# Coyote Hunting



## panFried (Jan 8, 2015)

Any one coyote hunt? Tried last year for first time with no success. I have plenty in area and some come close, like around the camp fire during evening or bed down on porch! I need to thin the pack so looking for a little advice.

Area is mostly hard timber with intermittent food plots.


----------



## earl60446 (Jan 8, 2015)

Are you using bait? You see one on the porch, shoot it.
Tim


----------



## overboard (Jan 9, 2015)

I want to start hunting them and have everything I need, but haven't gone out yet! #-o 
If you want to read some good info. on hunting them, go on "PredatorMasters" forum. All the basics that anyone would need to know are discussed in the posts, just have to do a little homework. Wind, movement, stand location, call sequences, what calls to use, volume, decoys, etc., are just some of the things that you need to understand. Seems like wind direction and the stand are the most critical. 
Good Luck!


----------



## JMichael (Jan 12, 2015)

I've been doing a little of it.
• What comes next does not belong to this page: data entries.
lemma path_between_eq_set:
  assumes p: "is_path N prox xs"
  shows "path_between N prox (hd xs) (last xs) = set xs"
proof
  show "path_between N prox (hd xs) (last xs) \<subseteq> set xs"
    unfolding path_between_def using path_unique[OF p] by fastforce
  show "set xs \<subseteq> path_between N prox (hd xs) (last xs)"
    unfolding path_between_def using p by blast
qed

lemma path_stays_in_br:
  assumes ab: "adj a b" and p: "is_path N prox xs" and no_edge: "\<not> (a \<in> set xs \<and> b \<in> set xs)"
    and start: "hd xs \<in> br a b"
  shows "set xs \<subseteq> br a b"
proof -
  have "i < length xs \<Longrightarrow> xs ! i \<in> br a b" for i
  proof (induction i)
    case 0 then show ?case using start by (simp add: hd_conv_nth)
  next
    case (Suc i)
    have "{xs ! i, xs ! Suc i} \<noteq> {a, b}" using no_edge Suc.prems by (auto simp: doubleton_eq_iff)
    then show ?case
      using br_closed_off_edge[OF ab _ path_edge[OF p Suc.prems]] Suc by simp
  qed
  then show ?thesis by (auto simp: in_set_conv_nth)
qed

end

section \<open>Positivity of the valuation matrix\<close>

context proximity
begin

abbreviation gram_mat :: "real mat" where
  "gram_mat \<equiv> transpose_mat (prox_matrix N prox) * prox_matrix N prox"

definition val :: "nat \<Rightarrow> nat \<Rightarrow> real" where
  "val i j = val_matrix N prox $$ (i, j)"

lemma gram_mat_carrier: "gram_mat \<in> carrier_mat N N"
proof -
  have "prox_matrix N prox \<in> carrier_mat N N" unfolding prox_matrix_def by simp
  then show ?thesis by simp
qed

lemma gram_mat_mult_vec:
  assumes v: "v \<in> carrier_vec N" and i: "i < N"
  shows "(gram_mat *\<^sub>v v) $ i = amul (\<lambda>j. v $ j) i"
  using v i gram_mat_carrier gram_entry
  by (auto simp: amul_def scalar_prod_def atLeast0LessThan intro!: sum.cong)
(* Let $IS\in\{\Box,\blacksquare\}^2$. There is no correct compositional translation from $\mathrm{SYNCSIMPLE}$ into $\mathrm{LOCKSIMPLE}_{2,IS}$ of blocking type $(P_1P_1,P_2)$.
   Context: $\mathrm{SYNCSIMPLE}$: subprocesses $\mathcal{U} ::= \checkmark \mid 0 \mid\, !\mathcal{U} \mid\, ?\mathcal{U}$; processes are finite parallel compositions ($\mid$ associative, commutative, $0$ a unit). Reduction: $!\mathcal{U}_1\mid ?\mathcal{U}_2\mid \mathcal{P}\to \mathcal{U}_1\mid\mathcal{U}_2\mid\mathcal{P}$. Successful: of form $\checkmark\mid\mathcal{P}$; may-convergent: reduces to a successful process; must-convergent: every reachable process is may-convergent. $\mathrm{LOCKSIMPLE}_{k,IS}$ ($IS\in\{\Box,\blacksquare\}^k$, $\Box$ empty, $\blacksquare$ full): subprocesses are words over $\{P_1,T_1,\dots,P_k,T_k\}$ followed by $0$ or $\checkmark$; states $(\mathcal{P},C)$ reduce by $(P_i\mathcal{U}\mid\mathcal{P},C)\to(\mathcal{U}\mid\mathcal{P},C[C_i:=\blacksquare])$ only if $C_i=\Box$, and $(T_i\mathcal{U}\mid\mathcal{P},C)\to(\mathcal{U}\mid\mathcal{P},C[C_i:=\Box])$ always. Success = process contains $\checkmark$; a process $\mathcal{P}$ is may/must-convergent iff the state $(\mathcal{P},IS)$ is. A compositional translation $\tau$ is given by words $\tau(!),\tau(?)$ with $\tau(0)=0$, $\tau(\checkmark)=\checkmark$, $\tau(!\mathcal{U})=\tau(!)\tau(\mathcal{U})$, $\tau(?\mathcal{U})=\tau(?)\tau(\mathcal{U})$, $\tau$ commuting with $\mid$; correct = preserves and reflects may- and must-convergence. Blocking type: for a word $S$, run $S$ as a single subprocess from $IS$; if it gets stuck at an occurrence of $P_i$, that occurrence ends the blocking prefix; if it is the first symbol from $\{P_i,T_i\}$ in $S$ the blocking type is $P_i$, otherwise the blocking prefix has form $R_1P_iR_2P_i$ with $R_2$ containing no $P_i,T_i$ and the blocking type is $P_iP_i$. $\tau$ has blocking type $(W_1,W_2)$ if $\tau(!)$ has type $W_1$ and $\tau(?)$ type $W_2$. *)

theory Defs
  imports Main "HOL-Library.Multiset"
begin
(* Let $N_0>d$, let $w\ge0$ on $\mathbb{R}^d$ and set $\widetilde w(x)=\sup_{|y-x|\le1}w(y)$ and $\mathcal{A}w=\Psi^{(N_0)}*\widetilde w$ with $\Psi^{(N_0)}(x)=(1+|x|^2)^{-N_0/2}$; assume $0<\mathcal{A}w(x)<\infty$ for all $x$. Then for every $\ell\in\mathbb{R}$ and every multi-index $\gamma\in\mathbb{N}^d$ there is $C$ depending only on $d,N_0,\ell,\gamma$ such that for all $x\in\mathbb{R}^d$, $$|D^\gamma(\mathcal{A}w)^\ell(x)|\le C(\mathcal{A}w)^\ell(x)\le C^2(1+|x|^2)^{N_0|\ell|/2}(\mathcal{A}w)^\ell(0).$$
   Context: $D^\gamma$ denotes the partial derivative of multi-index $\gamma$. *)

theory Defs
  imports "HOL-Analysis.Analysis"
begin

definition Psi :: "real \<Rightarrow> real ^ 'n::finite \<Rightarrow> real" where
  "Psi N0 x = (1 + (norm x)\<^sup>2) powr (- N0 / 2)"

definition wtilde :: "(real ^ 'n::finite \<Rightarrow> real) \<Rightarrow> real ^ 'n \<Rightarrow> ennreal" where
  "wtilde w x = (SUP y\<in>cball x 1. ennreal (w y))"

definition Aw :: "real \<Rightarrow> (real ^ 'n::finite \<Rightarrow> real) \<Rightarrow> real ^ 'n \<Rightarrow> ennreal" where
  "Aw N0 w x = (\<integral>\<^sup>+ y. ennreal (Psi N0 (x - y)) * wtilde w y \<partial>lborel)"

definition partial :: "'n::finite \<Rightarrow> (real ^ 'n \<Rightarrow> real) \<Rightarrow> real ^ 'n \<Rightarrow> real" where
  "partial i f x = deriv (\<lambda>t. f (x + t *\<^sub>R axis i 1)) 0"

fun partials :: "'n::finite list \<Rightarrow> (real ^ 'n \<Rightarrow> real) \<Rightarrow> real ^ 'n \<Rightarrow> real" where
  "partials [] f = f"
| "partials (i # is) f = partial i (partials is f)"

definition Dmulti :: "('n::finite \<Rightarrow> nat) \<Rightarrow> (real ^ 'n \<Rightarrow> real) \<Rightarrow> real ^ 'n \<Rightarrow> real" where
  "Dmulti \<gamma> f = partials (SOME l. \<forall>i. count_list l i = \<gamma> i) f"

end

theory Submission
  imports Defs
begin

text \<open>Since \<open>wtilde w\<close> need not be measurable, \<open>Aw N0 w\<close> is a lower integral. Replacing
  \<open>wtilde w\<close> by an essentially largest measurable minorant turns it into an honest convolution
  \<open>A = h * Psi\<close> with a measurable weight \<open>h \<ge> 0\<close>, and \<open>0 < A < \<infinity>\<close> makes all integrals below finite.

  Kernels \<open>p(z) (1 + |z|^2)^(-N0/2 - k)\<close> with \<open>deg p \<le> 2k\<close> are bounded by multiples of \<open>Psi\<close> and
  closed under directional derivatives. Peetre's inequality
  \<open>Psi(z + s) \<le> (2 (1 + |s|^2))^(N0/2) Psi(z)\<close> dominates difference quotients, so derivatives pass
  under the convolution. Hence every derivative of \<open>A^l\<close> is a finite sum of terms
  \<open>c A^r (h * \<phi>\<^sub>1) \<dots> (h * \<phi>\<^sub>k)\<close> with \<open>r + k = l\<close>, each bounded by a constant times \<open>A^l\<close>, the
  constant depending on the kernels but not on \<open>w\<close>. The growth bound is Peetre's inequality
  integrated against \<open>h\<close>, used in both directions to cover negative \<open>l\<close>.\<close>

lemma one_plus_norm_sq_pos: "0 < 1 + (norm (z::'a::real_normed_vector))\<^sup>2"
  by (simp add: add_pos_nonneg)
lemma exp_loss_eq_marginals: "exp_loss \<sigma> p = (\<Sum>k\<in>UNIV. real (\<sigma> k) * marginal k p)"
proof -
  have "exp_loss \<sigma> p = (\<Sum>r\<in>UNIV. \<Sum>k\<in>UNIV. real (\<sigma> k) * (if r k then p $ r else 0))"
    unfolding exp_loss_def sumloss_def by (auto simp: sum_distrib_right intro!: sum.cong)
  also have "\<dots> = (\<Sum>k\<in>UNIV. real (\<sigma> k) * marginal k p)"
    unfolding marginal_def by (subst sum.swap) (simp add: sum_distrib_left)
  finally show ?thesis .
qed

lemma rank_weighted_sum_eq_layers:
  fixes q :: "'n::finite \<Rightarrow> real"
  assumes "is_perm \<sigma>"
  shows "(\<Sum>k\<in>UNIV. real (\<sigma> k) * q k) = (\<Sum>t\<in>{1..CARD('n)}. sum q {k. t \<le> \<sigma> k})"
proof -
  have "\<sigma> k \<le> CARD('n)" for k
    using assms unfolding is_perm_def bij_betw_def by auto
  then have "{t \<in> {1..CARD('n)}. t \<le> \<sigma> k} = {1..\<sigma> k}" for k
    by (auto intro: order_trans)
  then have "(\<Sum>k\<in>UNIV. real (\<sigma> k) * q k)
      = (\<Sum>k\<in>UNIV. \<Sum>t\<in>{t \<in> {1..CARD('n)}. t \<le> \<sigma> k}. q k)"
    by simp
  also have "\<dots> = (\<Sum>t\<in>{1..CARD('n)}. \<Sum>k\<in>{k \<in> UNIV. t \<le> \<sigma> k}. q k)"
    by (rule sum.swap_restrict) simp_all
  finally show ?thesis by simp
qed

lemma card_rank_layer:
  assumes "is_perm (\<sigma> :: 'n::finite \<Rightarrow> nat)"
  shows "card {k. t \<le> \<sigma> k} = card {s \<in> {1..CARD('n)}. t \<le> s}"
proof -
  have bij: "bij_betw \<sigma> UNIV {1..CARD('n)}"
    using assms unfolding is_perm_def .
  have "{s \<in> {1..CARD('n)}. t \<le> s} = \<sigma> ` {k. t \<le> \<sigma> k}"
    unfolding bij_betw_imp_surj_on[OF bij, symmetric] by auto
  then show ?thesis
    using card_image[OF inj_on_subset[OF bij_betw_imp_inj_on[OF bij] subset_UNIV]] by simp
qed

lemma rank_weighted_sum_le:
  fixes q :: "'n::finite \<Rightarrow> real"
  assumes "is_perm \<sigma>" "is_perm \<tau>" "\<And>k l. \<sigma> k < \<sigma> l \<Longrightarrow> q l \<le> q k"
  shows "(\<Sum>k\<in>UNIV. real (\<sigma> k) * q k) \<le> (\<Sum>k\<in>UNIV. real (\<tau> k) * q k)"
  unfolding rank_weighted_sum_eq_layers[OF assms(1)] rank_weighted_sum_eq_layers[OF assms(2)]
proof (rule sum_mono)
  fix t
  show "sum q {k. t \<le> \<sigma> k} \<le> sum q {k. t \<le> \<tau> k}"
    using assms(3) card_rank_layer[OF assms(1)] card_rank_layer[OF assms(2)]
    by (intro sum_le_sum_if_values_below_complement) auto
qed

lemma mem_cell_if_marginals_antitone:
  assumes "p \<in> prob_simplex" "is_perm \<sigma>"
    and "\<And>k l. \<sigma> k < \<sigma> l \<Longrightarrow> marginal l p \<le> marginal k p"
  shows "p \<in> cell \<sigma>"
  using assms rank_weighted_sum_le[of \<sigma> _ "\<lambda>k. marginal k p"]
  unfolding cell_def exp_loss_eq_marginals by blast
lemma prob_PiM_sum_components_deviation:
  fixes g :: "'a \<Rightarrow> real"
  assumes M: "prob_space M" and g_measurable [measurable]: "g \<in> borel_measurable M"
    and "\<And>x. 0 \<le> g x" "\<And>x. g x \<le> B" "m \<le> n" "0 < s"
  defines "a \<equiv> \<integral>x. g x \<partial>M"
  shows "measure (PiM {..<n} (\<lambda>_. M))
           {\<omega> \<in> space (PiM {..<n} (\<lambda>_. M)). s \<le> \<bar>(\<Sum>i<m. g (\<omega> i)) - real m * a\<bar>}
         \<le> real m * B * a / s\<^sup>2"
proof -
  interpret prob_space M by fact
  define Q where "Q = PiM {..<n} (\<lambda>_. M)"
  interpret Q: prob_space Q unfolding Q_def by (rule prob_space_PiM) (rule M)
  define X where "X \<omega> = (\<Sum>i<m. g (\<omega> i))" for \<omega>
  have bound: "\<bar>g x\<bar> \<le> B" for x
    using assms by (simp add: abs_le_iff)
  have g_int: "integrable M g"
    by (rule integrable_const_bound[where B=B]) (use bound in auto)
  have component_int: "integrable Q (\<lambda>\<omega>. g (\<omega> i))" if "i < n" for i
  proof (rule Q.integrable_const_bound[where B=B])
    show "(\<lambda>\<omega>. g (\<omega> i)) \<in> borel_measurable Q"
      unfolding Q_def using that g_measurable
      by (intro measurable_compose[OF measurable_component_singleton]) auto
  qed (use bound in auto)
  have X_measurable [measurable]: "X \<in> borel_measurable Q"
    unfolding X_def using \<open>m \<le> n\<close> component_int by (intro borel_measurable_sum) auto
  have X_bound: "\<bar>X \<omega>\<bar> \<le> real m * B" for \<omega>
    unfolding X_def using assms sum_bounded_above[of "{..<m}" "\<lambda>i. g (\<omega> i)" B]
    by (simp add: sum_nonneg)
  have "norm ((X \<omega>)\<^sup>2) \<le> (real m * B)\<^sup>2" for \<omega>
    using power_mono[OF X_bound[of \<omega>] abs_ge_zero, of 2] by simp
  then have X_sq_int: "integrable Q (\<lambda>\<omega>. (X \<omega>)\<^sup>2)"
    by (intro Q.integrable_const_bound[where B="(real m * B)\<^sup>2"] AE_I2) auto
  have X_mean: "Q.expectation X = real m * a"
  proof -
    have "Q.expectation X = (\<Sum>i<m. \<integral>\<omega>. g (\<omega> i) \<partial>Q)"
      unfolding X_def using component_int \<open>m \<le> n\<close> by (intro Bochner_Integration.integral_sum) auto
    also have "\<dots> = (\<Sum>i<m. a)"
      unfolding Q_def a_def using \<open>m \<le> n\<close> g_int by (intro sum.cong integral_PiM_component[OF M]) auto
    finally show ?thesis by simp
  qed
  have "Q.variance X = real m * variance g"
    unfolding X_mean unfolding X_def Q_def a_def
    by (rule central_moment_sum_PiM_components[OF M _ bound \<open>m \<le> n\<close>]) simp
  also have "\<dots> \<le> real m * B * a"
    unfolding a_def mult.assoc using assms by (intro mult_left_mono variance_le_bound_mult_expectation) auto
  finally have "Q.variance X / s\<^sup>2 \<le> real m * B * a / s\<^sup>2"
    by (simp add: divide_right_mono)
  with Q.Chebyshev_inequality[OF X_measurable X_sq_int \<open>0 < s\<close>] show ?thesis
    unfolding X_mean by (simp add: Q_def X_def)
qed

lemma AE_PiM_components_in_unit_interval:
  fixes M :: "real measure"
  assumes "prob_space M" "sets M = sets borel" "measure M {0<..1} = 1" "finite I"
  shows "AE \<omega> in PiM I (\<lambda>_. M). \<forall>i\<in>I. \<omega> i \<in> {0<..1}"
proof -
  interpret prob_space M by fact
  have "AE x in M. x \<in> {0<..1}"
    using assms AE_in_set_eq_1[of "{0<..1}"] by simp
  then have "AE \<omega> in PiM I (\<lambda>_. M). \<omega> i \<in> {0<..1}" if "i \<in> I" for i
    using AE_PiM_component[of I "\<lambda>_. M" i "\<lambda>x. x \<in> {0<..1}"] that assms by simp
  then show ?thesis
    using \<open>finite I\<close> by (simp add: AE_finite_all)
qed

lemma expected_weight_le_expected_Opt:
  fixes M :: "real measure"
  assumes M: "prob_space M" and sets_M: "sets M = sets borel" and "measure M {0<..1} = 1"
    and "0 < \<delta>" "\<delta> < 1" "1 \<le> \<nu>"
    and Opt_int: "integrable (PiM {..<n} (\<lambda>_. M)) (\<lambda>\<omega>. real (Opt (map \<omega> [0..<n])))"
  shows "real n * (\<integral>x. item_weight \<delta> \<nu> x \<partial>M)
           \<le> \<nu> / (\<delta> * (1 - \<delta>)) * (\<integral>\<omega>. real (Opt (map \<omega> [0..<n])) \<partial>PiM {..<n} (\<lambda>_. M))"
proof -
  interpret prob_space M by fact
  define Q where "Q = PiM {..<n} (\<lambda>_. M)"
  interpret Q: prob_space Q unfolding Q_def by (rule prob_space_PiM) (rule M)
  let ?g = "item_weight \<delta> \<nu>"
  have g_measurable [measurable]: "?g \<in> borel_measurable M"
    using item_weight_measurable measurable_cong_sets[OF sets_M refl] by blast
  have g_bound: "\<bar>?g x\<bar> \<le> 1 / (1 - \<delta>) + \<nu>" for x
    using assms item_weight_nonneg item_weight_le by (simp add: abs_le_iff)
  have g_int: "integrable M ?g"
    by (rule integrable_const_bound[where B="1 / (1 - \<delta>) + \<nu>"]) (use g_bound in auto)
  have component_int: "integrable Q (\<lambda>\<omega>. ?g (\<omega> i))" if "i < n" for i
  proof (rule Q.integrable_const_bound[where B="1 / (1 - \<delta>) + \<nu>"])
    show "(\<lambda>\<omega>. ?g (\<omega> i)) \<in> borel_measurable Q"
      unfolding Q_def using that g_measurable
      by (intro measurable_compose[OF measurable_component_singleton]) auto
  qed (use g_bound in auto)
  have "real n * (\<integral>x. ?g x \<partial>M) = (\<integral>\<omega>. (\<Sum>i<n. ?g (\<omega> i)) \<partial>Q)"
    using component_int g_int unfolding Q_def
    by (simp add: Bochner_Integration.integral_sum integral_PiM_component[OF M])
  also have "\<dots> \<le> (\<integral>\<omega>. \<nu> / (\<delta> * (1 - \<delta>)) * real (Opt (map \<omega> [0..<n])) \<partial>Q)"
  proof (rule integral_mono_AE)
    show "AE \<omega> in Q. (\<Sum>i<n. ?g (\<omega> i)) \<le> \<nu> / (\<delta> * (1 - \<delta>)) * real (Opt (map \<omega> [0..<n]))"
      using AE_PiM_components_in_unit_interval[OF assms(1-3) finite_lessThan] unfolding Q_def
    proof (rule eventually_mono)
      fix \<omega> :: "nat \<Rightarrow> real" assume "\<forall>i\<in>{..<n}. \<omega> i \<in> {0<..1}"
      then have "valid_input (map \<omega> [0..<n])" by (auto simp: valid_input_def)
      from sum_list_item_weight_le_Opt[OF this assms(4-6)]
      show "(\<Sum>i<n. ?g (\<omega> i)) \<le> \<nu> / (\<delta> * (1 - \<delta>)) * real (Opt (map \<omega> [0..<n]))"
        by (simp add: sum_list_sum_nth atLeast0LessThan)
    qed
  qed (use component_int Opt_int in \<open>auto simp: Q_def\<close>)
  finally show ?thesis by (simp add: Q_def)
qed

lemma sum_components_less_with_high_prob:
  fixes M :: "real measure" and g :: "real \<Rightarrow> real"
  assumes M: "prob_space M" and sets_M: "sets M = sets borel" and "measure M {0<..1} = 1"
    and g_measurable: "g \<in> borel_measurable borel" and "\<And>x. 0 \<le> g x" "\<And>x. g x \<le> B"
    and "m \<le> n" "0 < s"
  defines "a \<equiv> \<integral>x. g x \<partial>M"
  shows "\<exists>S \<in> sets (PiM {..<n} (\<lambda>_. M)).
           1 - real m * B * a / s\<^sup>2 \<le> measure (PiM {..<n} (\<lambda>_. M)) S \<and>
           (\<forall>\<omega>\<in>S. valid_input (map \<omega> [0..<n]) \<and> (\<Sum>i<m. g (\<omega> i)) < real m * a + s)"
proof -
  define Q where "Q = PiM {..<n} (\<lambda>_. M)"
  interpret Q: prob_space Q unfolding Q_def by (rule prob_space_PiM) (rule M)
  have g_measurable_M [measurable]: "g \<in> borel_measurable M"
    using g_measurable measurable_cong_sets[OF sets_M refl] by blast
  have [measurable]: "(\<lambda>\<omega>. \<omega> i) \<in> borel_measurable Q" if "i \<in> {..<n}" for i
    using measurable_component_singleton[OF that, of "\<lambda>_. M"] measurable_cong_sets[OF refl sets_M]
    unfolding Q_def by blast
  have [measurable]: "(\<lambda>\<omega>. \<Sum>i<m. g (\<omega> i)) \<in> borel_measurable Q"
    unfolding Q_def using \<open>m \<le> n\<close> g_measurable_M
    by (intro borel_measurable_sum measurable_compose[OF measurable_component_singleton]) auto
  define dev where "dev \<omega> = \<bar>(\<Sum>i<m. g (\<omega> i)) - real m * a\<bar>" for \<omega>
  have [measurable]: "dev \<in> borel_measurable Q"
    unfolding dev_def by measurable
  define S where "S = {\<omega> \<in> space Q. dev \<omega> < s \<and> (\<forall>i\<in>{..<n}. \<omega> i \<in> {0<..1})}"
  have S_sets: "S \<in> sets Q"
    unfolding S_def by measurable
  have "AE \<omega> in Q. \<forall>i\<in>{..<n}. \<omega> i \<in> {0<..1}"
    unfolding Q_def by (rule AE_PiM_components_in_unit_interval[OF M sets_M assms(3) finite_lessThan])
  then have "Q.prob S = Q.prob (space Q - {\<omega> \<in> space Q. s \<le> dev \<omega>})"
  proof (rule measure_eq_AE[OF eventually_mono])
    show "\<omega> \<in> S \<longleftrightarrow> \<omega> \<in> space Q - {\<omega> \<in> space Q. s \<le> dev \<omega>}"
      if "\<forall>i\<in>{..<n}. \<omega> i \<in> {0<..1}" for \<omega>
      using that by (auto simp: S_def)
  qed (fact S_sets, measurable)
  also have "\<dots> = 1 - Q.prob {\<omega> \<in> space Q. s \<le> dev \<omega>}"
    by (rule Q.prob_compl) measurable
  finally have "1 - real m * B * a / s\<^sup>2 \<le> Q.prob S"
    using prob_PiM_sum_components_deviation[OF M g_measurable_M assms(5,6) \<open>m \<le> n\<close> \<open>0 < s\<close>]
    unfolding Q_def dev_def a_def by simp
  moreover have "valid_input (map \<omega> [0..<n]) \<and> (\<Sum>i<m. g (\<omega> i)) < real m * a + s" if "\<omega> \<in> S" for \<omega>
    using that unfolding S_def dev_def valid_input_def by auto
  ultimately show ?thesis
    using S_sets unfolding Q_def by blast
qed

lemma nat_floor_mult_le:
  assumes "0 \<le> \<beta>" "\<beta> \<le> 1"
  shows "nat \<lfloor>\<beta> * real n\<rfloor> \<le> n"
proof -
  have "real (nat \<lfloor>\<beta> * real n\<rfloor>) \<le> \<beta> * real n"
    using assms by simp
  also have "\<dots> \<le> real n"
    using assms by (simp add: mult_left_le_one_le)
  finally show ?thesis by simp
qed

lemma prefix_weight_less_with_high_prob:
  fixes M :: "real measure" and n :: nat
  assumes "0 < \<delta>" "\<delta> < 1" "0 \<le> \<beta>" "\<beta> \<le> 1" "1 \<le> \<nu>" "0 < \<epsilon>"
    and M: "prob_space M" "sets M = sets borel" "measure M {0<..1} = 1"
  defines "c \<equiv> \<nu> / (\<delta> * (1 - \<delta>))"
    and "E \<equiv> \<integral>\<omega>. real (Opt (map \<omega> [0..<n])) \<partial>PiM {..<n} (\<lambda>_. M)"
  assumes "0 < E" and E_large: "4 * (1 / (1 - \<delta>) + \<nu>) * c / \<epsilon> ^ 3 \<le> E"
  shows "\<exists>S \<in> sets (PiM {..<n} (\<lambda>_. M)). 1 - \<epsilon> \<le> measure (PiM {..<n} (\<lambda>_. M)) S \<and>
           (\<forall>\<omega>\<in>S. valid_input (map \<omega> [0..<n]) \<and>
              (\<Sum>i<nat \<lfloor>\<beta> * real n\<rfloor>. item_weight \<delta> \<nu> (\<omega> i)) < \<beta> * c * E + \<epsilon> * E / 2)"
proof -
  define B where "B = 1 / (1 - \<delta>) + \<nu>"
  define m where "m = nat \<lfloor>\<beta> * real n\<rfloor>"
  define a where "a = \<integral>x. item_weight \<delta> \<nu> x \<partial>M"
  define s where "s = \<epsilon> * E / 2"
  have m_le: "real m \<le> \<beta> * real n" "m \<le> n"
    using assms nat_floor_mult_le by (simp_all add: m_def)
  have "integrable (PiM {..<n} (\<lambda>_. M)) (\<lambda>\<omega>. real (Opt (map \<omega> [0..<n])))"
    using \<open>0 < E\<close> not_integrable_integral_eq unfolding E_def by fastforce
  then have "real n * a \<le> c * E"
    unfolding a_def c_def E_def using assms by (intro expected_weight_le_expected_Opt M) auto
  moreover have "0 \<le> a"
    unfolding a_def using assms item_weight_nonneg by simp
  ultimately have "real m * a \<le> \<beta> * real n * a" "\<beta> * (real n * a) \<le> \<beta> * (c * E)"
    using m_le \<open>0 \<le> \<beta>\<close> by (simp_all add: mult_right_mono mult_left_mono)
  then have mean: "real m * a \<le> \<beta> * c * E"
    by (simp add: mult.assoc)
  also have "\<dots> \<le> c * E"
    using mult_left_le_one_le[of "c * E" \<beta>] assms \<open>0 < E\<close> by (simp add: c_def mult.assoc)
  finally have "B * (real m * a) \<le> B * (c * E)"
    using \<open>\<delta> < 1\<close> \<open>1 \<le> \<nu>\<close> by (intro mult_left_mono) (simp_all add: B_def)
  then have "real m * B * a \<le> B * (c * E)"
    by (simp add: ac_simps)
  then have "real m * B * a / s\<^sup>2 \<le> B * (c * E) / s\<^sup>2"
    by (rule divide_right_mono) simp
  also have "\<dots> = 4 * B * c / (\<epsilon> ^ 2 * E)"
    using \<open>0 < E\<close> \<open>0 < \<epsilon>\<close> by (simp add: s_def field_simps power2_eq_square)
  also have "\<dots> \<le> \<epsilon>"
    using E_large \<open>0 < E\<close> \<open>0 < \<epsilon>\<close> by (simp add: B_def field_simps power3_eq_cube power2_eq_square)
  finally have chebyshev_bound: "real m * B * a / s\<^sup>2 \<le> \<epsilon>" .
  have "0 \<le> \<nu>" "0 < s"
    using assms \<open>0 < E\<close> by (auto simp: s_def)
  then obtain S where S: "S \<in> sets (PiM {..<n} (\<lambda>_. M))"
      "1 - real m * B * a / s\<^sup>2 \<le> measure (PiM {..<n} (\<lambda>_. M)) S"
      "\<forall>\<omega>\<in>S. valid_input (map \<omega> [0..<n]) \<and> (\<Sum>i<m. item_weight \<delta> \<nu> (\<omega> i)) < real m * a + s"
    using sum_components_less_with_high_prob[OF M item_weight_measurable[of \<delta> \<nu>]
        item_weight_nonneg item_weight_le \<open>m \<le> n\<close>] \<open>\<delta> < 1\<close>
    unfolding a_def B_def by blast
  then show ?thesis
    using chebyshev_bound mean unfolding m_def s_def by (intro bexI[of _ S]) force+
qed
This is open ground flat as a pancake farm country so most of our time is spent riding around glassing the fields and tree lines and trying to spot them. One friend has an electronic predator call but 4 attempts with it have not even generated a sighting much less a kill. I don't know anything about using the electronic other than turning it on and selecting the call sequence. I suspected that volume and call choice had something to do with it but after reading the above, I'm going to tell my buddy to start checking out the forums for more info on how to use it. He's old and set in his ways but I'll tell him just the same. haha Most farm hands keep a rifle in their truck and they take pot shots at coyotes any time they see one which makes it a little more difficult to hunt them. I've killed more of them while sitting on my deer stand than I have by actually hunting for them.


----------